Nov
09
Find the moment-generating function of the discrete random varible X that has the probability distribution..?
By
f(x) = 2(1/3)^x for x = 1,2,3…And use it to determine the values of u`(subscript 1) and u`(subscript 2)
I understand the definition of moment generating function, but how do we do this problem since x goes to infinity?

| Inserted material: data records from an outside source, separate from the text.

lemma prob_card_events_ge:
  fixes A :: "'i \<Rightarrow> 'a set"
  assumes G: "finite G"
    and indep: "\<And>T. T \<subseteq> G \<Longrightarrow> measure_pmf.prob P (\<Inter>m\<in>T. A m) = (\<Prod>m\<in>T. measure_pmf.prob P (A m))"
    and bound: "\<And>m. m \<in> G \<Longrightarrow> measure_pmf.prob P (A m) \<le> q" and "0 \<le> q"
  shows "measure_pmf.prob P {\<omega>. r \<le> card {m\<in>G. \<omega> \<in> A m}} \<le> 2 ^ card G * q ^ r"
proof -
  define F where "F = {T. T \<subseteq> G \<and> card T = r}"
  have F: "finite F" "F \<subseteq> Pow G"
    using G by (auto simp: F_def)
  have "{\<omega>. r \<le> card {m\<in>G. \<omega> \<in> A m}} \<subseteq> (\<Union>T\<in>F. \<Inter>m\<in>T. A m)"
  proof
    fix \<omega> assume "\<omega> \<in> {\<omega>. r \<le> card {m\<in>G. \<omega> \<in> A m}}"
    then obtain T where "T \<subseteq> {m\<in>G. \<omega> \<in> A m}" "card T = r"
      by (auto elim: obtain_subset_with_card_n)
    then show "\<omega> \<in> (\<Union>T\<in>F. \<Inter>m\<in>T. A m)"
      by (auto simp: F_def)
  qed
  then have "measure_pmf.prob P {\<omega>. r \<le> card {m\<in>G. \<omega> \<in> A m}} \<le>
             measure_pmf.prob P (\<Union>T\<in>F. \<Inter>m\<in>T. A m)"
    by (intro measure_pmf.finite_measure_mono) auto
  also have "\<dots> \<le> (\<Sum>T\<in>F. measure_pmf.prob P (\<Inter>m\<in>T. A m))"
    using F by (intro measure_pmf.finite_measure_subadditive_finite) auto
  also have "\<dots> \<le> (\<Sum>T\<in>F. q ^ r)"
  proof (rule sum_mono)
    fix T assume T: "T \<in> F"
    then have "measure_pmf.prob P (\<Inter>m\<in>T. A m) = (\<Prod>m\<in>T. measure_pmf.prob P (A m))"
      by (intro indep) (auto simp: F_def)
    also have "\<dots> \<le> (\<Prod>m\<in>T. q)"
      using T bound by (intro prod_mono) (auto simp: F_def)
    finally show "measure_pmf.prob P (\<Inter>m\<in>T. A m) \<le> q ^ r"
      using T by (simp add: F_def)
  qed
  also have "\<dots> \<le> 2 ^ card G * q ^ r"
  proof -
    have "real (card F) \<le> 2 ^ card G"
      using card_mono[OF _ F(2)] G by (simp add: card_Pow)
    then show ?thesis
      using \<open>0 \<le> q\<close> by (simp add: mult_right_mono)
  qed
  finally show ?thesis .
qed

section \<open>The Lipschitz constant of a function on the arms\<close>

lemma finite_arm_pairs: "finite {F i j | i j. i < (K::nat) \<and> j < K \<and> i \<noteq> j}"
proof -
  have "{F i j | i j. i < K \<and> j < K \<and> i \<noteq> j} \<subseteq> (\<lambda>(i, j). F i j) ` ({..<K} \<times> {..<K})"
    by auto
  then show ?thesis
    by (rule finite_subset) auto
qed

lemma arm_pairs_nonempty:
  assumes "2 \<le> (K::nat)"
  shows "{F i j | i j. i < K \<and> j < K \<and> i \<noteq> j} \<noteq> {}"
proof -
  have "F 0 1 \<in> {F i j | i j. i < K \<and> j < K \<and> i \<noteq> j}"
    using assms by (intro CollectI exI[of _ 0] exI[of _ 1]) auto
  then show ?thesis
    by auto
qed

lemma min_gap_le:
  assumes "i < K" "j < K" "i \<noteq> j"
  shows "min_gap K x \<le> norm (x i - x j)"
  unfolding min_gap_def using assms by (intro Min_le finite_arm_pairs) auto

lemma min_gap_pos:
  assumes "2 \<le> K" "inj_on x {..<K}"
  shows "0 < min_gap K x"
proof -
  have "min_gap K x \<in> {norm (x i - x j) | i j. i < K \<and> j < K \<and> i \<noteq> j}"
    unfolding min_gap_def by (rule Min_in[OF finite_arm_pairs arm_pairs_nonempty[OF assms(1)]])
  then obtain i j where "i < K" "j < K" "i \<noteq> j" "min_gap K x = norm (x i - x j)"
    by auto
  with assms(2) show ?thesis
    by (auto simp: inj_on_def)
qed

lemma lip_const_ge:
  assumes "i < K" "j < K" "i \<noteq> j"
  shows "\<bar>f i - f j\<bar> / norm (x i - x j) \<le> lip_const K x f"
  unfolding lip_const_def using assms by (intro Max_ge finite_arm_pairs) auto

lemma lip_const_le:
  assumes "2 \<le> K" "inj_on x {..<K}"
    and "\<And>i j. i < K \<Longrightarrow> j < K \<Longrightarrow> i \<noteq> j \<Longrightarrow> \<bar>f i - f j\<bar> \<le> c * norm (x i - x j)"
  shows "lip_const K x f \<le> c"
  unfolding lip_const_def
proof (subst Max_le_iff[OF finite_arm_pairs arm_pairs_nonempty[OF assms(1)]], safe)
  fix i j assume ij: "i < K" "j < K" "i \<noteq> j"
  then have "0 < norm (x i - x j)"
    using assms(2) by (auto simp: inj_on_def)
  with assms(3)[OF ij] show "\<bar>f i - f j\<bar> / norm (x i - x j) \<le> c"
    by (simp add: divide_le_eq)
qed

lemma lip_const_le_perturbed:
  assumes K: "2 \<le> K" "inj_on x {..<K}"
    and close: "\<And>i. i < K \<Longrightarrow> \<bar>h i - g i\<bar> \<le> t" and t: "2 * t \<le> e * min_gap K x"
  shows "lip_const K x h \<le> lip_const K x g + e"
proof (rule lip_const_le[OF K])
  fix i j assume ij: "i < K" "j < K" "i \<noteq> j"
  define d where "d = norm (x i - x j)"
  have gap: "0 < min_gap K x" "min_gap K x \<le> d"
    using min_gap_pos[OF K] min_gap_le[OF ij] by (simp_all add: d_def)
  have "0 \<le> t"
    using close[of 0] K by force
  then have "0 \<le> e * min_gap K x"
    using t by linarith
  then have "0 \<le> e"
    using gap(1) by (simp add: zero_le_mult_iff)
  have "\<bar>g i - g j\<bar> \<le> lip_const K x g * d"
    using lip_const_ge[OF ij, of g x] gap by (simp add: d_def[symmetric] pos_divide_le_eq)
  moreover have "2 * t \<le> e * d"
    using t mult_left_mono[OF gap(2) \<open>0 \<le> e\<close>] by linarith
  moreover have "\<bar>h i - h j\<bar> \<le> \<bar>g i - g j\<bar> + \<bar>h i - g i\<bar> + \<bar>h j - g j\<bar>"
    by linarith
  ultimately show "\<bar>h i - h j\<bar> \<le> (lip_const K x g + e) * norm (x i - x j)"
    using close[OF ij(1)] close[OF ij(2)] by (simp add: d_def algebra_simps)
qed

lemma lip_const_perturbed:
  assumes "2 \<le> K" "inj_on x {..<K}"
    and "\<And>i. i < K \<Longrightarrow> \<bar>h i - g i\<bar> \<le> t" and "2 * t \<le> e * min_gap K x"
  shows "\<bar>lip_const K x h - lip_const K x g\<bar> \<le> e"
proof -
  have "lip_const K x h \<le> lip_const K x g + e"
    by (rule lip_const_le_perturbed) (use assms in auto)
  moreover have "lip_const K x g \<le> lip_const K x h + e"
    by (rule lip_const_le_perturbed[where t = t]) (use assms in \<open>auto simp: abs_minus_commute\<close>)
  ultimately show ?thesis
    by linarith
qed

section \<open>Order statistics of perturbed sequences\<close>

lemma kth_largest_conv_nth_sort:
  "1 \<le> k \<Longrightarrow> k \<le> length xs \<Longrightarrow> kth_largest k xs = sort xs ! (length xs - k)"
  by (simp add: kth_largest_def rev_nth Suc_diff_le)

lemma length_filter_sort: "length (filter P (sort xs)) = length (filter P xs)"
  by (metis mset_filter mset_sort size_mset)

lemma length_filter_map_upt: "length (filter P (map v [0..<M])) = card {m. m < M \<and> P (v m)}"
proof -
  have "{i. i < M \<and> P (map v [0..<M] ! i)} = {m. m < M \<and> P (v m)}"
    by auto
  then show ?thesis
    by (simp add: length_filter_conv_card)
qed

lemma le_length_filter_if_less_kth_largest:
  fixes xs :: "real list"
  assumes "1 \<le> k" "k \<le> length xs" "a < kth_largest k xs"
  shows "k \<le> length (filter (\<lambda>v. a < v) xs)"
proof -
  let ?s = "sort xs" and ?l = "length xs"
  have "{?l - k..<?l} \<subseteq> {i. i < ?l \<and> a < ?s ! i}"
  proof
    fix i assume "i \<in> {?l - k..<?l}"
    then have "i < ?l" "?s ! (?l - k) \<le> ?s ! i"
      by (auto intro: sorted_nth_mono)
    with assms show "i \<in> {i. i < ?l \<and> a < ?s ! i}"
      by (simp add: kth_largest_conv_nth_sort)
  qed
  then have "k \<le> card {i. i < ?l \<and> a < ?s ! i}"
    using assms(2) card_mono[of "{i. i < ?l \<and> a < ?s ! i}" "{?l - k..<?l}"] by simp
  also have "\<dots> = length (filter (\<lambda>v. a < v) ?s)"
    by (simp add: length_filter_conv_card)
  finally show ?thesis
    by (simp only: length_filter_sort)
qed

lemma kth_largest_ge_if_le_length_filter:
  fixes xs :: "real list"
  assumes "1 \<le> k" "k \<le> length (filter (\<lambda>v. a \<le> v) xs)"
  shows "a \<le> kth_largest k xs"
proof (rule ccontr)
  let ?s = "sort xs" and ?l = "length xs"
  assume less: "\<not> a \<le> kth_largest k xs"
  have "k \<le> ?l"
    using assms(2) length_filter_le order_trans by blast
  have "{i. i < ?l \<and> a \<le> ?s ! i} \<subseteq> {?l - k + 1..<?l}"
  proof
    fix i assume i: "i \<in> {i. i < ?l \<and> a \<le> ?s ! i}"
    have "\<not> i \<le> ?l - k"
    proof
      assume "i \<le> ?l - k"
      then have "?s ! i \<le> ?s ! (?l - k)"
        using assms(1) \<open>k \<le> ?l\<close> by (intro sorted_nth_mono) auto
      with less i \<open>k \<le> ?l\<close> assms(1) show False
        by (simp add: kth_largest_conv_nth_sort)
    qed
    with i show "i \<in> {?l - k + 1..<?l}"
      by auto
  qed
  then have "card {i. i < ?l \<and> a \<le> ?s ! i} \<le> k - 1"
    using card_mono[of "{?l - k + 1..<?l}"] \<open>k \<le> ?l\<close> assms(1) by fastforce
  moreover have "length (filter (\<lambda>v. a \<le> v) xs) = card {i. i < ?l \<and> a \<le> ?s ! i}"
    unfolding length_filter_sort[of _ xs, symmetric] by (simp add: length_filter_conv_card)
  ultimately show False
    using assms by linarith
qed

lemma card_bad_ge_if_kth_largest_greater:
  assumes "1 \<le> k" "k \<le> M" "c < kth_largest k (map v [0..<M])"
    and "\<And>m. m < M \<Longrightarrow> \<not> bad m \<Longrightarrow> v m \<le> c"
  shows "k \<le> card {m\<in>{..<M}. bad m}"
proof -
  have "k \<le> length (filter (\<lambda>u. c < u) (map v [0..<M]))"
    using assms(1-3) by (intro le_length_filter_if_less_kth_largest) auto
  then have "k \<le> card {m. m < M \<and> c < v m}"
    unfolding length_filter_map_upt .
  also have "\<dots> \<le> card {m\<in>{..<M}. bad m}"
  proof (rule card_mono)
    show "finite {m\<in>{..<M}. bad m}"
      by simp
    show "{m. m < M \<and> c < v m} \<subseteq> {m\<in>{..<M}. bad m}"
      using assms(4) by (auto simp: not_le[symmetric])
  qed
  finally show ?thesis .
qed

lemma card_bad_ge_if_kth_largest_less:
  assumes "1 \<le> k" "kth_largest k (map v [0..<M]) < c" "G \<subseteq> {..<M}"
    and "\<And>m. m \<in> G \<Longrightarrow> \<not> bad m \<Longrightarrow> c \<le> v m"
  shows "card G + 1 - k \<le> card {m\<in>G. bad m}"
proof -
  have "\<not> k \<le> length (filter (\<lambda>u. c \<le> u) (map v [0..<M]))"
    using kth_largest_ge_if_le_length_filter[of k c "map v [0..<M]"] assms(1,2) by linarith
  then have "card {m. m < M \<and> c \<le> v m} < k"
    unfolding length_filter_map_upt by simp
  moreover have "card (G - {m\<in>G. bad m}) \<le> card {m. m < M \<and> c \<le> v m}"
    using assms(3,4) by (intro card_mono) auto
  moreover have "finite G"
    using assms(3) finite_subset by blast
  ultimately show ?thesis
    by (simp add: card_Diff_subset)
qed

lemma nat_ceiling_rank_bounds:
  fixes \<alpha> \<beta> :: real and M g :: nat
  assumes "0 < \<beta>" "\<beta> < \<alpha>" "1 \<le> M" "\<alpha> * real M \<le> real g"
  defines "k \<equiv> nat \<lceil>\<beta> * real M\<rceil>"
  shows "1 \<le> k" "k \<le> g" "\<beta> * real M \<le> real k" "(\<alpha> - \<beta>) * real M \<le> real (g + 1 - k)"
proof -
  have "0 < \<beta> * real M" "\<beta> * real M < \<alpha> * real M"
    using assms(1-3) by auto
  moreover have "real k = of_int \<lceil>\<beta> * real M\<rceil>"
    using \<open>0 < \<beta> * real M\<close> by (simp add: k_def)
  ultimately have k: "0 < real k" "\<beta> * real M \<le> real k" "real k < real (g + 1)"
    and "real k < \<beta> * real M + 1"
    using ceiling_correct[of "\<beta> * real M"] assms(4) by auto
  then show "1 \<le> k" "k \<le> g" "\<beta> * real M \<le> real k"
    by (simp_all only: of_nat_0_less_iff of_nat_less_iff)
  then show "(\<alpha> - \<beta>) * real M \<le> real (g + 1 - k)"
    using \<open>real k < \<beta> * real M + 1\<close> assms(4) by (simp add: left_diff_distrib)
qed

section \<open>Deviation of the empirical means\<close>

lemma prob_bernoulli_mean_deviation:
  assumes "finite B" "B \<noteq> {}" "0 \<le> q" "q \<le> 1" "0 \<le> t"
  shows "measure_pmf.prob (Pi_pmf B False (\<lambda>_. bernoulli_pmf q))
           {\<omega>. t \<le> \<bar>real (card {b\<in>B. \<omega> b}) / real (card B) - q\<bar>}
         \<le> 2 * exp (- 2 * real (card B) * t\<^sup>2)"
proof -
  interpret binomial_distribution "card B" q
    using assms by unfold_locales auto
  have "map_pmf (\<lambda>\<omega>. card {b\<in>B. \<omega> b}) (Pi_pmf B False (\<lambda>_. bernoulli_pmf q)) = binomial_pmf (card B) q"
    using assms by (intro binomial_pmf_altdef'[symmetric]) auto
  from this[symmetric] have "measure_pmf.prob (Pi_pmf B False (\<lambda>_. bernoulli_pmf q))
               {\<omega>. t \<le> \<bar>real (card {b\<in>B. \<omega> b}) / real (card B) - q\<bar>} =
             measure_pmf.prob (binomial_pmf (card B) q) {s. t \<le> \<bar>real s / real (card B) - q\<bar>}"
    by (simp add: vimage_def)
  also have "\<dots> \<le> 2 * exp (- 2 * real (card B) * t\<^sup>2)"
    using prob_abs_ge'[of t] assms by (simp add: card_gt_0_iff)
  finally show ?thesis .
qed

My teacher gave me the solution, but he skipped a lot of steps so I didn’t understand how he got what he did
So please, show your steps and a little explanation too
Much appreciated!
1 Comments
November 9th, 2009 at 7:02 pm
You just need to realize that it is defined as:
M(t) = E( e^(tX) ) = ∑ e^( t x[i] ) f( x[i] )
where X is your random variable. Then you just put in what you know:
M(t) = ∑ e^( t x[i] ) 2 (1/3)^x[i]
Since we are doing x=1,2,3… I will write this as a sum instead:
M(t) = 2 ∑ e^( n t ) (1/3)^n
M(t) = 2e^t ∑ (e/3)^n
Now, that’s a geometric series, but it’s n=1 to ∞ (not n=0), so:
M(t) = 2e^t ( 1 / (1-e/3) – 1 )
Done.